WHAT IS REQUIRED: Each record below must be written out exactly as given.

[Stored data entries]
┌────────
text \<open>Multiplying (sum_l c l * y l - b >= 0) by prod_{i in I} y_i prod_{j in J} (1 - y_j)
  = sum_{S subseteq J} (-1)^|S| prod_{i in I union S} y_i and linearising
  (y_i^2 = y_i, prod_{i in K} y_i = z_K).\<close>
definition sa_lift_L :: "'i set \<Rightarrow> (('i \<Rightarrow> real) \<times> real) set \<Rightarrow> nat \<Rightarrow> ('i set \<Rightarrow> real) set" where
  "sa_lift_L N ineqs k = {z. \<forall>(c, b)\<in>ineqs. \<forall>I J. I \<subseteq> N \<and> J \<subseteq> N \<and> I \<inter> J = {}
      \<and> card (I \<union> J) \<le> k - 1 \<longrightarrow>
      0 \<le> (\<Sum>S\<in>Pow J. (-1) ^ card S *
              ((\<Sum>l\<in>N. c l * mono z (I \<union> S \<union> {l})) - b * mono z (I \<union> S)))}"

definition sa_lift :: "'i set \<Rightarrow> (('i \<Rightarrow> real) \<times> real) set \<Rightarrow> nat \<Rightarrow> ('i \<Rightarrow> real) set" where
  "sa_lift N ineqs k = {y. (\<forall>i. i \<notin> N \<longrightarrow> y i = 0) \<and>
      (\<exists>z\<in>sa_lift_L N ineqs k. \<forall>i\<in>N. z {i} = y i)}"
lemma storm_cubic_deriv_neg_if_stable:
  assumes "stable_eq \<gamma> a c (v, m)" "storm_equilibrium \<gamma> a c (v, m)" "0 \<le> c"
  shows "storm_cubic_deriv \<gamma> a c v < 0"
proof -
  have v: "0 < v" and "m = v / (v + c)" and p: "storm_cubic \<gamma> a c v = 0"
    using storm_equilibriumD[OF assms(2,3)] by auto
  then have m: "m * (v + c) = v" using assms(3) by simp
  have "0 < jac11 \<gamma> a c (v, m) * jac22 \<gamma> a c (v, m) - jac12 \<gamma> a c (v, m) * jac21 \<gamma> a c (v, m)"
    using assms(1) by (intro det_pos_if_eigenvalues_neg_re) (auto simp: stable_eq_def jac_eigenvalue_def)
  then have "0 < (jac11 \<gamma> a c (v, m) * jac22 \<gamma> a c (v, m) - jac12 \<gamma> a c (v, m) * jac21 \<gamma> a c (v, m))
      * (v + c) ^ 3"
    using v assms(3) by simp
  then have "0 < - v\<^sup>2 * (v + c) * storm_cubic_deriv \<gamma> a c v"
    unfolding storm_jacobian_det_nullcline[OF m] p by simp
  moreover have "0 < v\<^sup>2 * (v + c)" using v assms(3) by simp
  ultimately show ?thesis using v assms(3) by (auto simp: mult_less_0_iff)
qed

lemma storm_cubic_pos_below_stable:
  assumes "storm_equilibrium \<gamma> a c U" "storm_equilibrium \<gamma> a c S" "U \<noteq> S" "stable_eq \<gamma> a c S"
    and "\<gamma> < 1" "0 \<le> c" "0 < storm_cubic \<gamma> a c u"
  shows "u < fst S"
proof -
  have U: "0 < fst U" "storm_cubic \<gamma> a c (fst U) = 0"
    and S: "0 < fst S" "storm_cubic \<gamma> a c (fst S) = 0"
    using storm_equilibriumD[OF assms(1,6)] storm_equilibriumD[OF assms(2,6)] by auto
  have "storm_cubic_deriv \<gamma> a c (fst S) < 0"
    using storm_cubic_deriv_neg_if_stable[of \<gamma> a c "fst S" "snd S"] assms by simp
  \<comment> \<open>the cubic increases through the smaller root, so the stable equilibrium is the larger one\<close>
  then have "fst U < fst S"
    using storm_cubic_two_roots(3)[OF assms(5,6) S(1) _ S(2) U(2)]
      storm_equilibria_fst_neq[OF assms(1-3,6)]
    by fastforce
  then show ?thesis
    using storm_cubic_two_roots(2)[OF assms(5,6) U(1) _ U(2) S(2)] assms(7) by (meson leD leI)
qed

section \<open>A trapping region of the storm system\<close>

lemma storm_field_scale:
  "storm_field \<gamma> (k * a) (k * c) (k * v, m)
    = (k\<^sup>2 * fst (storm_field \<gamma> a c (v, m)), k * snd (storm_field \<gamma> a c (v, m)))"
  unfolding storm_field_def by (simp add: algebra_simps power2_eq_square)

lemma storm_field_fst_mono:
  assumes "0 \<le> \<gamma>" "\<gamma> \<le> 1" "0 \<le> a" "a \<le> a'" "0 \<le> m" "m \<le> m'"
  shows "fst (storm_field \<gamma> a c (v, m)) \<le> fst (storm_field \<gamma> a' c' (v, m'))"
proof -
  have "(1 - \<gamma>) * a\<^sup>2 \<le> (1 - \<gamma>) * a'\<^sup>2"
    using assms by (intro mult_left_mono power_mono) auto
  then have "m ^ 3 * ((1 - \<gamma>) * a\<^sup>2 + \<gamma> * v\<^sup>2) \<le> m' ^ 3 * ((1 - \<gamma>) * a'\<^sup>2 + \<gamma> * v\<^sup>2)"
    using assms by (intro mult_mono power_mono) auto
  then show ?thesis unfolding storm_field_def by (simp add: algebra_simps)
qed

lemma storm_field_snd_mono:
  assumes "0 \<le> m" "m \<le> 1" "v \<le> v'" "c' \<le> c"
  shows "snd (storm_field \<gamma> a c (v, m)) \<le> snd (storm_field \<gamma> a' c' (v', m))"
  using assms mult_left_mono[of v v' "1 - m"] mult_right_mono[of c' c m]
  unfolding storm_field_def by simp

lemma storm_field_pos_near_nullcline:
  assumes "0 < w" "0 \<le> c" "0 < storm_cubic \<gamma> a c w"
  shows "\<exists>q>0. q < w / (w + c) \<and> 0 < fst (storm_field \<gamma> a c (w, q)) \<and> 0 < snd (storm_field \<gamma> a c (w, q))"
proof -
  define q0 where "q0 = w / (w + c)"
  have "0 < w + c" "0 < q0" using assms by (simp_all add: q0_def)
  define g where "g q = (1 - \<gamma>) * a\<^sup>2 * q ^ 3 - (1 - \<gamma> * q ^ 3) * w\<^sup>2" for q
  have g: "g q = fst (storm_field \<gamma> a c (w, q))" for q by (simp add: g_def storm_field_def)
  have "0 < g q0 * (w + c) ^ 3"
    using storm_field_fst_nullcline[OF \<open>0 < w + c\<close>] assms by (simp add: g q0_def)
  then have "0 < g q0" using \<open>0 < w + c\<close> by (simp add: zero_less_mult_iff)
  moreover have "(g \<longlongrightarrow> g q0) (at_left q0)" unfolding g_def by (intro tendsto_intros)
  ultimately have "eventually (\<lambda>q. 0 < g q) (at_left q0)" by (simp add: order_tendstoD(1))
  moreover have "eventually (\<lambda>q. q \<in> {0<..<q0}) (at_left q0)"
    using eventually_at_left_real[OF \<open>0 < q0\<close>] .
  ultimately obtain q where "0 < g q" "q \<in> {0<..<q0}"
    using eventually_happens[OF eventually_conj] trivial_limit_at_left_real by blast
  moreover have "0 < snd (storm_field \<gamma> a c (w, q))"
    using \<open>q \<in> {0<..<q0}\<close> \<open>0 < w + c\<close> by (simp add: storm_field_def q0_def field_simps)
  ultimately show ?thesis unfolding g q0_def by auto
qed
└────────
TASK RESPONSE:
text \<open>Multiplying (sum_l c l * y l - b >= 0) by prod_{i in I} y_i prod_{j in J} (1 - y_j)
  = sum_{S subseteq J} (-1)^|S| prod_{i in I union S} y_i and linearising
  (y_i^2 = y_i, prod_{i in K} y_i = z_K).\<close>
definition sa_lift_L :: "'i set \<Rightarrow> (('i \<Rightarrow> real) \<times> real) set \<Rightarrow> nat \<Rightarrow> ('i set \<Rightarrow> real) set" where
  "sa_lift_L N ineqs k = {z. \<forall>(c, b)\<in>ineqs. \<forall>I J. I \<subseteq> N \<and> J \<subseteq> N \<and> I \<inter> J = {}
      \<and> card (I \<union> J) \<le> k - 1 \<longrightarrow>
      0 \<le> (\<Sum>S\<in>Pow J. (-1) ^ card S *
              ((\<Sum>l\<in>N. c l * mono z (I \<union> S \<union> {l})) - b * mono z (I \<union> S)))}"

definition sa_lift :: "'i set \<Rightarrow> (('i \<Rightarrow> real) \<times> real) set \<Rightarrow> nat \<Rightarrow> ('i \<Rightarrow> real) set" where
  "sa_lift N ineqs k = {y. (\<forall>i. i \<notin> N \<longrightarrow> y i = 0) \<and>
      (\<exists>z\<in>sa_lift_L N ineqs k. \<forall>i\<in>N. z {i} = y i)}"
lemma storm_cubic_deriv_neg_if_stable:
  assumes "stable_eq \<gamma> a c (v, m)" "storm_equilibrium \<gamma> a c (v, m)" "0 \<le> c"
  shows "storm_cubic_deriv \<gamma> a c v < 0"
proof -
  have v: "0 < v" and "m = v / (v + c)" and p: "storm_cubic \<gamma> a c v = 0"
    using storm_equilibriumD[OF assms(2,3)] by auto
  then have m: "m * (v + c) = v" using assms(3) by simp
  have "0 < jac11 \<gamma> a c (v, m) * jac22 \<gamma> a c (v, m) - jac12 \<gamma> a c (v, m) * jac21 \<gamma> a c (v, m)"
    using assms(1) by (intro det_pos_if_eigenvalues_neg_re) (auto simp: stable_eq_def jac_eigenvalue_def)
  then have "0 < (jac11 \<gamma> a c (v, m) * jac22 \<gamma> a c (v, m) - jac12 \<gamma> a c (v, m) * jac21 \<gamma> a c (v, m))
      * (v + c) ^ 3"
    using v assms(3) by simp
  then have "0 < - v\<^sup>2 * (v + c) * storm_cubic_deriv \<gamma> a c v"
    unfolding storm_jacobian_det_nullcline[OF m] p by simp
  moreover have "0 < v\<^sup>2 * (v + c)" using v assms(3) by simp
  ultimately show ?thesis using v assms(3) by (auto simp: mult_less_0_iff)
qed

lemma storm_cubic_pos_below_stable:
  assumes "storm_equilibrium \<gamma> a c U" "storm_equilibrium \<gamma> a c S" "U \<noteq> S" "stable_eq \<gamma> a c S"
    and "\<gamma> < 1" "0 \<le> c" "0 < storm_cubic \<gamma> a c u"
  shows "u < fst S"
proof -
  have U: "0 < fst U" "storm_cubic \<gamma> a c (fst U) = 0"
    and S: "0 < fst S" "storm_cubic \<gamma> a c (fst S) = 0"
    using storm_equilibriumD[OF assms(1,6)] storm_equilibriumD[OF assms(2,6)] by auto
  have "storm_cubic_deriv \<gamma> a c (fst S) < 0"
    using storm_cubic_deriv_neg_if_stable[of \<gamma> a c "fst S" "snd S"] assms by simp
  \<comment> \<open>the cubic increases through the smaller root, so the stable equilibrium is the larger one\<close>
  then have "fst U < fst S"
    using storm_cubic_two_roots(3)[OF assms(5,6) S(1) _ S(2) U(2)]
      storm_equilibria_fst_neq[OF assms(1-3,6)]
    by fastforce
  then show ?thesis
    using storm_cubic_two_roots(2)[OF assms(5,6) U(1) _ U(2) S(2)] assms(7) by (meson leD leI)
qed

section \<open>A trapping region of the storm system\<close>

lemma storm_field_scale:
  "storm_field \<gamma> (k * a) (k * c) (k * v, m)
    = (k\<^sup>2 * fst (storm_field \<gamma> a c (v, m)), k * snd (storm_field \<gamma> a c (v, m)))"
  unfolding storm_field_def by (simp add: algebra_simps power2_eq_square)

lemma storm_field_fst_mono:
  assumes "0 \<le> \<gamma>" "\<gamma> \<le> 1" "0 \<le> a" "a \<le> a'" "0 \<le> m" "m \<le> m'"
  shows "fst (storm_field \<gamma> a c (v, m)) \<le> fst (storm_field \<gamma> a' c' (v, m'))"
proof -
  have "(1 - \<gamma>) * a\<^sup>2 \<le> (1 - \<gamma>) * a'\<^sup>2"
    using assms by (intro mult_left_mono power_mono) auto
  then have "m ^ 3 * ((1 - \<gamma>) * a\<^sup>2 + \<gamma> * v\<^sup>2) \<le> m' ^ 3 * ((1 - \<gamma>) * a'\<^sup>2 + \<gamma> * v\<^sup>2)"
    using assms by (intro mult_mono power_mono) auto
  then show ?thesis unfolding storm_field_def by (simp add: algebra_simps)
qed

lemma storm_field_snd_mono:
  assumes "0 \<le> m" "m \<le> 1" "v \<le> v'" "c' \<le> c"
  shows "snd (storm_field \<gamma> a c (v, m)) \<le> snd (storm_field \<gamma> a' c' (v', m))"
  using assms mult_left_mono[of v v' "1 - m"] mult_right_mono[of c' c m]
  unfolding storm_field_def by simp

lemma storm_field_pos_near_nullcline:
  assumes "0 < w" "0 \<le> c" "0 < storm_cubic \<gamma> a c w"
  shows "\<exists>q>0. q < w / (w + c) \<and> 0 < fst (storm_field \<gamma> a c (w, q)) \<and> 0 < snd (storm_field \<gamma> a c (w, q))"
proof -
  define q0 where "q0 = w / (w + c)"
  have "0 < w + c" "0 < q0" using assms by (simp_all add: q0_def)
  define g where "g q = (1 - \<gamma>) * a\<^sup>2 * q ^ 3 - (1 - \<gamma> * q ^ 3) * w\<^sup>2" for q
  have g: "g q = fst (storm_field \<gamma> a c (w, q))" for q by (simp add: g_def storm_field_def)
  have "0 < g q0 * (w + c) ^ 3"
    using storm_field_fst_nullcline[OF \<open>0 < w + c\<close>] assms by (simp add: g q0_def)
  then have "0 < g q0" using \<open>0 < w + c\<close> by (simp add: zero_less_mult_iff)
  moreover have "(g \<longlongrightarrow> g q0) (at_left q0)" unfolding g_def by (intro tendsto_intros)
  ultimately have "eventually (\<lambda>q. 0 < g q) (at_left q0)" by (simp add: order_tendstoD(1))
  moreover have "eventually (\<lambda>q. q \<in> {0<..<q0}) (at_left q0)"
    using eventually_at_left_real[OF \<open>0 < q0\<close>] .
  ultimately obtain q where "0 < g q" "q \<in> {0<..<q0}"
    using eventually_happens[OF eventually_conj] trivial_limit_at_left_real by blast
  moreover have "0 < snd (storm_field \<gamma> a c (w, q))"
    using \<open>q \<in> {0<..<q0}\<close> \<open>0 < w + c\<close> by (simp add: storm_field_def q0_def field_simps)
  ultimately show ?thesis unfolding g q0_def by auto
qed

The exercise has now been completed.